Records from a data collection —
lemma nonzero_if_C_not_scalar:
  assumes "central_scalars iota" and "\<And>\<mu>. C \<noteq> iota \<mu>"
  shows "R j \<noteq> 0"
proof -
  have "C \<noteq> 1" using assms central_scalars.iota_1 by metis
  thus ?thesis using even_nonzero odd_nonzero[OF assms] by (cases j rule: int_even_odd_cases) auto
qed

lemma commutes_with_middle: "R (j + 2) * C * R j * R (j + 1) = R (j + 1) * (R (j + 2) * C * R j)"
proof (cases j rule: int_even_odd_cases)
  case (1 m)
  thus ?thesis using rec_even_next[of m] by (simp add: algebra_simps)
next
  case (2 m)
  hence "2*m = j + 1" by simp
  hence "R (j + 2) * C * R j = 1 + R (j + 1) ^ 4" using rec_odd[of m] by (simp add: add.assoc)
  thus ?thesis by (simp add: algebra_simps power_commutes)
qed

end

locale regular_T_system = T_system +
  assumes C_nonzero: "C \<noteq> 0" and R_nonzero: "\<And>j. R j \<noteq> 0"
    and exchange_1: "R 2 * C * R 1 = R 1 * R 2"
begin

lemma exchange:
  assumes "1 \<le> j"
  shows "R (j + 1) * C * R j = R j * R (j + 1)"
  using assms
proof (induction j rule: int_ge_induct)
  case base
  show ?case using exchange_1 by simp
next
  case (step j)
  have "(R (j + 2) * C * R (j + 1) - R (j + 1) * R (j + 2)) * (C * R j)
      = R (j + 2) * C * (R (j + 1) * C * R j) - R (j + 1) * (R (j + 2) * C * R j)"
    by (simp add: algebra_simps)
  also have "\<dots> = 0"
    using step.IH commutes_with_middle[of j] by (simp add: mult.assoc)
  finally show ?case
    using C_nonzero R_nonzero[of j] by (simp add: add.assoc)
qed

Aim of the exercise — The expected answer is every line above in which the word "assoc" appears.

Task output —
  hence "R (j + 2) * C * R j = 1 + R (j + 1) ^ 4" using rec_odd[of m] by (simp add: add.assoc)
    using step.IH commutes_with_middle[of j] by (simp add: mult.assoc)
    using C_nonzero R_nonzero[of j] by (simp add: add.assoc)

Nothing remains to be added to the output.